Di più, in piena riforma occulta della Costituzione, appare tutt’altro che scontato precisare quali sono questi valori e principi. La cosa più sicura sarebbe attenersi letteralmente alla Costituzione e alle interpretazioni che di essa ha fatto la Corte Costituzionale.
In ogni caso restano aperte altre vie per opporsi alla pretesa dello Stato. Una di queste l’ha segnalata il funzionario del Tribunale Supremo, Manuel Martínez de Aguirre, che in un articolo pubblicato su Páginas Digital spiegava l’utilità di denunciare gli “indottrinamenti” concreti che possono essere portati davanti al Tribunale europeo per i diritti umani, la cui giurisprudenza riconosce il diritto dei genitori «al rispetto delle proprie convinzioni filosofiche e religiose».
In ogni caso resta la grande responsabilità educativa dei genitori e degli educatori. Il movimento sociale degli ultimi mesi ha risvegliato un interesse per i manuali, i metodi e ciò che viene insegnato ai nostri giovani, sia in questa materia che in tutto il curriculum scolastico. Si tratta di una stupenda occasione per approfondire questa “curiosità” e per superare la passività di molti adulti che per decenni hanno identificato l’educazione con l’apprendimento di alcune conoscenze e abilità che trasformino i giovani in “gente utile”.

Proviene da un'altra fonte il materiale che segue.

text \<open>Weight 1 - (b - 1) e on j, e = t / b on the other b - 1 labels of B1 and 2 t outside B1,
  where t = 1 / (2 m - 1) and m labels lie outside B1. Then B1 has weight exactly 1, the total is
  1 + 2 m t > 2, and a set avoiding j and some label outside B1 weighs at most
  (b - 1) e + 2 (m - 1) t \<le> (2 m - 1) t = 1.\<close>

lemma weights_concentrated:
  fixes M :: "nat set set"
  assumes B1: "B1 \<subseteq> {1..n}" "j \<in> B1" and m: "2 \<le> card ({1..n} - B1)"
    and M: "\<forall>B\<in>M. B = B1 \<or> (B \<subseteq> {1..n} - {j} \<and> \<not> {1..n} - B1 \<subseteq> B)"
  shows "\<exists>a. weight_data n a \<and> (\<forall>B\<in>M. sum a B \<le> 1)"
proof -
  define b where "b = card B1"
  define m where "m = card ({1..n} - B1)"
  define t :: rat where "t = 1 / (2 * of_nat m - 1)"
  define e :: rat where "e = t / of_nat b"
  define a :: "nat \<Rightarrow> rat" where
    "a i = (if i = j then 1 - (of_nat b - 1) * e else if i \<in> B1 then e else 2 * t)" for i
  have "finite B1" using B1(1) finite_subset by blast
  then have b: "1 \<le> b" using B1(2) unfolding b_def by (simp add: Suc_le_eq card_gt_0_iff) blast
  have m2: "2 \<le> (of_nat m :: rat)" using m unfolding m_def by simp
  then have t: "0 < t" "t \<le> 1 / 3" "(2 * of_nat m - 1) * t = 1" unfolding t_def by (simp_all add: field_simps)
  have e: "0 < e" "e \<le> t" "(of_nat b - 1) * e \<le> t" "0 \<le> (of_nat b - 1) * e"
    using b t(1) by (simp_all add: e_def field_simps)
  have bounds: "\<forall>i\<in>{1..n}. 0 < a i \<and> a i \<le> 1"
    using t e by (simp add: a_def)
  have "sum a B1 = a j + sum a (B1 - {j})"
    using \<open>finite B1\<close> B1(2) by (simp add: sum.remove)
  also have "sum a (B1 - {j}) = (of_nat b - 1) * e"
    using \<open>finite B1\<close> B1(2) b by (simp add: a_def b_def of_nat_diff)
  finally have sum_B1: "sum a B1 = 1" by (simp add: a_def)
  have "sum a ({1..n} - B1) = sum (\<lambda>_. 2 * t) ({1..n} - B1)"
    using B1(2) by (intro sum.cong) (auto simp: a_def)
  then have "sum a ({1..n} - B1) = 2 * of_nat m * t" by (simp add: m_def)
  with sum_B1 have total: "sum a {1..n} = 1 + 2 * of_nat m * t"
    using B1(1) by (simp add: sum.subset_diff)
  then have "2 < sum a {1..n}" using t(1,3) by (simp add: algebra_simps)
  then have "weight_data n a" using bounds unfolding weight_data_def by blast
  moreover have "sum a B \<le> 1" if "B \<in> M" for B
  proof (cases "B = B1")
    case False
    with M that have B: "B \<subseteq> {1..n} - {j}" and "\<not> {1..n} - B1 \<subseteq> B" by auto
    then obtain x where x: "x \<in> {1..n} - B1" "x \<notin> B" by blast
    have jx: "j \<in> {1..n}" "j \<noteq> x" using x(1) B1 by auto
    have "sum a B \<le> sum a ({1..n} - {j, x})"
      using B x jx t(1) e by (intro sum_mono2) (auto simp: a_def)
    also have "sum a ({1..n} - {j, x}) = sum a {1..n} - a j - a x"
      using jx x(1) by (simp add: sum_diff)
    also have "\<dots> = (2 * of_nat m - 2) * t + (of_nat b - 1) * e"
      using total x(1) jx(2) by (simp add: a_def algebra_simps)
    also have "\<dots> \<le> 1" using t e by (simp add: algebra_simps)
    finally show ?thesis .
  qed (simp add: sum_B1)
  ultimately show ?thesis by blast
qed

lemma weights_constant:
  fixes M :: "nat set set"
  assumes n: "3 \<le> n" and small: "\<forall>B\<in>M. 2 * card B < n"
  shows "\<exists>a. weight_data n a \<and> (\<forall>B\<in>M. sum a B \<le> 1)"
proof -
  define c :: rat where "c = 2 / (of_nat n - 1)"
  have n': "3 \<le> (of_nat n :: rat)" using n by simp
  then have "0 < c" "c \<le> 1" "2 < of_nat n * c" unfolding c_def by (simp_all add: field_simps)
  then have "weight_data n (\<lambda>_. c)" unfolding weight_data_def by simp
  moreover have "of_nat (card B) * c \<le> 1" if "B \<in> M" for B
  proof -
    have "2 * card B + 1 \<le> n" using small that by force
    then have "2 * (of_nat (card B) :: rat) \<le> of_nat n - 1" by linarith
    then show ?thesis using n' unfolding c_def by (simp add: field_simps)
  qed
  ultimately show ?thesis by (intro exI[of _ "\<lambda>_. c"]) simp
qed

lemma weights_for_noncovering_family:
  fixes M :: "nat set set"
  assumes n: "3 \<le> n"
    and M: "\<forall>B\<in>M. B \<subseteq> {1..n} \<and> 2 \<le> card ({1..n} - B)"
    and no_cover: "\<forall>B\<in>M. \<forall>B'\<in>M. \<not> {1..n} \<subseteq> B \<union> B'"
    and cases: "(\<exists>j\<in>{1..n}. \<forall>B\<in>M. j \<notin> B)
       \<or> (\<exists>j\<in>{1..n}. card {B\<in>M. j \<in> B} = 1)
       \<or> (\<forall>B\<in>M. 2 * card B < n)"
  shows "\<exists>a. weight_data n a \<and> (\<forall>B\<in>M. sum a B \<le> 1)"
  using cases
proof (elim disjE)
  assume "\<exists>j\<in>{1..n}. \<forall>B\<in>M. j \<notin> B"
  then obtain j where j: "j \<in> {1..n}" "\<forall>B\<in>M. j \<notin> B" by blast
  have "\<not> {1..n} - {j} \<subseteq> B" if "B \<in> M" for B
  proof
    assume "{1..n} - {j} \<subseteq> B"
    then have "card ({1..n} - B) \<le> card {j}" by (intro card_mono) auto
    moreover have "2 \<le> card ({1..n} - B)" using M that by blast
    ultimately show False by simp
  qed
  moreover have "card ({1..n} - {j}) = n - 1" using j(1) by simp
  ultimately show ?thesis
    using j M n by (intro weights_concentrated[of "{j}"]) auto
next
  assume "\<exists>j\<in>{1..n}. card {B\<in>M. j \<in> B} = 1"
  then obtain j where j: "j \<in> {1..n}" "card {B\<in>M. j \<in> B} = 1" by blast
  then obtain B1 where B1: "{B\<in>M. j \<in> B} = {B1}" by (auto simp: card_1_singleton_iff)
  then have "B1 \<in> M" "j \<in> B1" by blast+
  moreover have "B = B1 \<or> (B \<subseteq> {1..n} - {j} \<and> \<not> {1..n} - B1 \<subseteq> B)" if "B \<in> M" for B
  proof (cases "j \<in> B")
    case True
    with that B1 show ?thesis by blast
  next
    case False
    have "\<not> {1..n} \<subseteq> B1 \<union> B" using no_cover \<open>B1 \<in> M\<close> that by blast
    then have "\<not> {1..n} - B1 \<subseteq> B" by blast
    moreover have "B \<subseteq> {1..n} - {j}" using M that False by blast
    ultimately show ?thesis by blast
  qed
  ultimately show ?thesis
    using M by (intro weights_concentrated[of B1 n j]) auto
next
  assume "\<forall>B\<in>M. 2 * card B < n"
  with n show ?thesis by (rule weights_constant)
qed

theorem proposition7p14:
  fixes n :: nat and Z :: "stree \<Rightarrow> nat set"
  assumes "n \<ge> 3"
    and "extremal_assignment n Z"
    and "smooth n Z"
    and "(\<exists>j\<in>{1..n}. \<forall>B\<in>maximal_elems (contraction_indicator n Z). j \<notin> B)
       \<or> (\<exists>j\<in>{1..n}. card {B\<in>maximal_elems (contraction_indicator n Z). j \<in> B} = 1)
       \<or> (\<forall>B\<in>maximal_elems (contraction_indicator n Z). 2 * card B < n)"
  shows "\<exists>a. weight_data n a \<and> (\<forall>G\<in>S n. Z G \<subseteq> ZA n a G)"
proof -
  let ?M = "maximal_elems (contraction_indicator n Z)"
  have M: "?M \<subseteq> contraction_indicator n Z" unfolding maximal_elems_def by blast
  then have "\<forall>B\<in>?M. B \<subseteq> {1..n} \<and> 2 \<le> card ({1..n} - B)"
    using contraction_indicatorD[OF assms(2)] by blast
  moreover have "\<forall>B\<in>?M. \<forall>B'\<in>?M. \<not> {1..n} \<subseteq> B \<union> B'"
    using M contraction_indicator_not_cover[OF assms(2)] by blast
  ultimately obtain a where "weight_data n a" "\<forall>B\<in>?M. sum a B \<le> 1"
    using weights_for_noncovering_family[OF assms(1) _ _ assms(4)] by blast
  then show ?thesis using smooth_subset_ZA[OF assms(2,3)] by blast
qed

end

Nell’educazione è sempre presente la grande questione del senso della vita, l’ipotesi con cui affrontare l’esistenza. Come diceva il primo manifesto della piattaforma “Tempo di educare”, la miglior difesa della libertà di educazione è esercitarla, cioè educare: che un maestro o alcuni genitori risveglino l’interesse e offrano alla critica dei loro alunni o figli la tradizione che li alimenta. Nessuno Stato può dominare questo rischioso e appassionante incontro di due libertà, nonostante il nostro Governo lo desideri.